** The data follows **
(* Let $f$ and $g$ be full-branch Markov maps on $[-1,1]$ which both satisfy the partition spacing condition (P). Suppose in addition that $f$ has bounded distortion with constant $C^{(f)}_1$ and that $g$ has uniform expansion parameter $\lambda^{(g)}=\inf|g'|>0$. Then $g\circ f$ satisfies (P).
   Context: A full-branch Markov map of $[-1,1]$ has disjoint open branch intervals $\mathcal{O}_\iota$, $\iota\in I$ ($I$ countable), covering $[-1,1]$ up to a countable set, with $f|_{\mathcal{O}_\iota}$ extending to a $C^2$ bijection $\hat f_\iota:\overline{\mathcal{O}_\iota}\to[-1,1]$; $v_\iota=\hat f_\iota^{-1}$. Bounded distortion: $C_1=\sup_{\iota,x}|v_\iota''(x)/v_\iota'(x)|<\infty$. Partition spacing condition (P): $\Xi:=\sup\{|\mathcal{O}_\iota|/d(\mathcal{O}_\iota,\sigma):\iota\in I,\ \sigma\in\{-1,1\},\ \sigma\notin\overline{\mathcal{O}_\iota}\}<\infty$. The branch intervals of $g\circ f$ are the interiors of $v^{(f)}_\phi(v^{(g)}_\gamma([-1,1]))$ over pairs of branches $\phi$ of $f$ and $\gamma$ of $g$. *)

theory Defs
  imports "HOL-Analysis.Analysis"
begin

definition C2_on_interval :: "(real \<Rightarrow> real) \<Rightarrow> real \<Rightarrow> real \<Rightarrow> bool" where
  "C2_on_interval h l r \<longleftrightarrow>
     (\<exists>d1 d2. (\<forall>x\<in>{l..r}. (h has_real_derivative d1 x) (at x within {l..r}) \<and>
                            (d1 has_real_derivative d2 x) (at x within {l..r}))
            \<and> continuous_on {l..r} d2)"

definition full_branch_markov ::
  "(real \<Rightarrow> real) \<Rightarrow> 'i set \<Rightarrow> ('i \<Rightarrow> real) \<Rightarrow> ('i \<Rightarrow> real) \<Rightarrow> ('i \<Rightarrow> real \<Rightarrow> real) \<Rightarrow> bool" where
  "full_branch_markov f I a b fh \<longleftrightarrow>
     countable I \<and>
     (\<forall>i\<in>I. -1 \<le> a i \<and> a i < b i \<and> b i \<le> 1) \<and>
     (\<forall>i\<in>I. \<forall>j\<in>I. i \<noteq> j \<longrightarrow> {a i<..<b i} \<inter> {a j<..<b j} = {}) \<and>
     countable ({-1..1} - (\<Union>i\<in>I. {a i<..<b i})) \<and>
     (\<forall>i\<in>I. \<forall>x\<in>{a i<..<b i}. fh i x = f x) \<and>
     (\<forall>i\<in>I. bij_betw (fh i) {a i..b i} {-1..1}) \<and>
     (\<forall>i\<in>I. C2_on_interval (fh i) (a i) (b i))"

definition inv_branch :: "('i \<Rightarrow> real) \<Rightarrow> ('i \<Rightarrow> real) \<Rightarrow> ('i \<Rightarrow> real \<Rightarrow> real) \<Rightarrow> 'i \<Rightarrow> real \<Rightarrow> real" where
  "inv_branch a b fh i = inv_into {a i..b i} (fh i)"

definition bounded_distortion ::
  "'i set \<Rightarrow> ('i \<Rightarrow> real) \<Rightarrow> ('i \<Rightarrow> real) \<Rightarrow> ('i \<Rightarrow> real \<Rightarrow> real) \<Rightarrow> bool" where
  "bounded_distortion I a b fh \<longleftrightarrow>
     (\<exists>C. \<forall>i\<in>I. \<exists>v1 v2. \<forall>x\<in>{-1..1}.
        (inv_branch a b fh i has_real_derivative v1 x) (at x within {-1..1}) \<and>
        (v1 has_real_derivative v2 x) (at x within {-1..1}) \<and>
        \<bar>v2 x / v1 x\<bar> \<le> C)"

definition uniformly_expanding ::
  "(real \<Rightarrow> real) \<Rightarrow> 'i set \<Rightarrow> ('i \<Rightarrow> real) \<Rightarrow> ('i \<Rightarrow> real) \<Rightarrow> bool" where
  "uniformly_expanding f I a b \<longleftrightarrow>
     (\<exists>lam>0. \<forall>i\<in>I. \<forall>x\<in>{a i<..<b i}. lam \<le> \<bar>deriv f x\<bar>)"

definition partition_spacing :: "real set set \<Rightarrow> bool" where
  "partition_spacing S \<longleftrightarrow>
     (\<exists>\<Xi>. \<forall>U\<in>S. \<forall>\<sigma>\<in>{-1,1::real}. \<sigma> \<notin> closure U \<longrightarrow> diameter U / infdist \<sigma> U \<le> \<Xi>)"

definition branches :: "'i set \<Rightarrow> ('i \<Rightarrow> real) \<Rightarrow> ('i \<Rightarrow> real) \<Rightarrow> real set set" where
  "branches I a b = (\<lambda>i. {a i<..<b i}) ` I"

text \<open>Branch intervals of g o f: interiors of v^f_phi(v^g_gamma([-1,1])).\<close>
definition comp_branches ::
  "'i set \<Rightarrow> ('i \<Rightarrow> real) \<Rightarrow> ('i \<Rightarrow> real) \<Rightarrow> ('i \<Rightarrow> real \<Rightarrow> real) \<Rightarrow>
   'j set \<Rightarrow> ('j \<Rightarrow> real) \<Rightarrow> ('j \<Rightarrow> real) \<Rightarrow> ('j \<Rightarrow> real \<Rightarrow> real) \<Rightarrow> real set set" where
  "comp_branches Jf af bf fhf Jg ag bg fhg =
     {interior (inv_branch af bf fhf \<phi> ` (inv_branch ag bg fhg \<gamma> ` {-1..1})) | \<phi> \<gamma>. \<phi> \<in> Jf \<and> \<gamma> \<in> Jg}"

end

theory Submission
  imports Defs
begin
** End of The data **
▶ **Task**
Return all the data above, unaltered and complete.

▶ **Response box**
(* Let $f$ and $g$ be full-branch Markov maps on $[-1,1]$ which both satisfy the partition spacing condition (P). Suppose in addition that $f$ has bounded distortion with constant $C^{(f)}_1$ and that $g$ has uniform expansion parameter $\lambda^{(g)}=\inf|g'|>0$. Then $g\circ f$ satisfies (P).
   Context: A full-branch Markov map of $[-1,1]$ has disjoint open branch intervals $\mathcal{O}_\iota$, $\iota\in I$ ($I$ countable), covering $[-1,1]$ up to a countable set, with $f|_{\mathcal{O}_\iota}$ extending to a $C^2$ bijection $\hat f_\iota:\overline{\mathcal{O}_\iota}\to[-1,1]$; $v_\iota=\hat f_\iota^{-1}$. Bounded distortion: $C_1=\sup_{\iota,x}|v_\iota''(x)/v_\iota'(x)|<\infty$. Partition spacing condition (P): $\Xi:=\sup\{|\mathcal{O}_\iota|/d(\mathcal{O}_\iota,\sigma):\iota\in I,\ \sigma\in\{-1,1\},\ \sigma\notin\overline{\mathcal{O}_\iota}\}<\infty$. The branch intervals of $g\circ f$ are the interiors of $v^{(f)}_\phi(v^{(g)}_\gamma([-1,1]))$ over pairs of branches $\phi$ of $f$ and $\gamma$ of $g$. *)

theory Defs
  imports "HOL-Analysis.Analysis"
begin

definition C2_on_interval :: "(real \<Rightarrow> real) \<Rightarrow> real \<Rightarrow> real \<Rightarrow> bool" where
  "C2_on_interval h l r \<longleftrightarrow>
     (\<exists>d1 d2. (\<forall>x\<in>{l..r}. (h has_real_derivative d1 x) (at x within {l..r}) \<and>
                            (d1 has_real_derivative d2 x) (at x within {l..r}))
            \<and> continuous_on {l..r} d2)"

definition full_branch_markov ::
  "(real \<Rightarrow> real) \<Rightarrow> 'i set \<Rightarrow> ('i \<Rightarrow> real) \<Rightarrow> ('i \<Rightarrow> real) \<Rightarrow> ('i \<Rightarrow> real \<Rightarrow> real) \<Rightarrow> bool" where
  "full_branch_markov f I a b fh \<longleftrightarrow>
     countable I \<and>
     (\<forall>i\<in>I. -1 \<le> a i \<and> a i < b i \<and> b i \<le> 1) \<and>
     (\<forall>i\<in>I. \<forall>j\<in>I. i \<noteq> j \<longrightarrow> {a i<..<b i} \<inter> {a j<..<b j} = {}) \<and>
     countable ({-1..1} - (\<Union>i\<in>I. {a i<..<b i})) \<and>
     (\<forall>i\<in>I. \<forall>x\<in>{a i<..<b i}. fh i x = f x) \<and>
     (\<forall>i\<in>I. bij_betw (fh i) {a i..b i} {-1..1}) \<and>
     (\<forall>i\<in>I. C2_on_interval (fh i) (a i) (b i))"

definition inv_branch :: "('i \<Rightarrow> real) \<Rightarrow> ('i \<Rightarrow> real) \<Rightarrow> ('i \<Rightarrow> real \<Rightarrow> real) \<Rightarrow> 'i \<Rightarrow> real \<Rightarrow> real" where
  "inv_branch a b fh i = inv_into {a i..b i} (fh i)"

definition bounded_distortion ::
  "'i set \<Rightarrow> ('i \<Rightarrow> real) \<Rightarrow> ('i \<Rightarrow> real) \<Rightarrow> ('i \<Rightarrow> real \<Rightarrow> real) \<Rightarrow> bool" where
  "bounded_distortion I a b fh \<longleftrightarrow>
     (\<exists>C. \<forall>i\<in>I. \<exists>v1 v2. \<forall>x\<in>{-1..1}.
        (inv_branch a b fh i has_real_derivative v1 x) (at x within {-1..1}) \<and>
        (v1 has_real_derivative v2 x) (at x within {-1..1}) \<and>
        \<bar>v2 x / v1 x\<bar> \<le> C)"

definition uniformly_expanding ::
  "(real \<Rightarrow> real) \<Rightarrow> 'i set \<Rightarrow> ('i \<Rightarrow> real) \<Rightarrow> ('i \<Rightarrow> real) \<Rightarrow> bool" where
  "uniformly_expanding f I a b \<longleftrightarrow>
     (\<exists>lam>0. \<forall>i\<in>I. \<forall>x\<in>{a i<..<b i}. lam \<le> \<bar>deriv f x\<bar>)"

definition partition_spacing :: "real set set \<Rightarrow> bool" where
  "partition_spacing S \<longleftrightarrow>
     (\<exists>\<Xi>. \<forall>U\<in>S. \<forall>\<sigma>\<in>{-1,1::real}. \<sigma> \<notin> closure U \<longrightarrow> diameter U / infdist \<sigma> U \<le> \<Xi>)"

definition branches :: "'i set \<Rightarrow> ('i \<Rightarrow> real) \<Rightarrow> ('i \<Rightarrow> real) \<Rightarrow> real set set" where
  "branches I a b = (\<lambda>i. {a i<..<b i}) ` I"

text \<open>Branch intervals of g o f: interiors of v^f_phi(v^g_gamma([-1,1])).\<close>
definition comp_branches ::
  "'i set \<Rightarrow> ('i \<Rightarrow> real) \<Rightarrow> ('i \<Rightarrow> real) \<Rightarrow> ('i \<Rightarrow> real \<Rightarrow> real) \<Rightarrow>
   'j set \<Rightarrow> ('j \<Rightarrow> real) \<Rightarrow> ('j \<Rightarrow> real) \<Rightarrow> ('j \<Rightarrow> real \<Rightarrow> real) \<Rightarrow> real set set" where
  "comp_branches Jf af bf fhf Jg ag bg fhg =
     {interior (inv_branch af bf fhf \<phi> ` (inv_branch ag bg fhg \<gamma> ` {-1..1})) | \<phi> \<gamma>. \<phi> \<in> Jf \<and> \<gamma> \<in> Jg}"

end

theory Submission
  imports Defs
begin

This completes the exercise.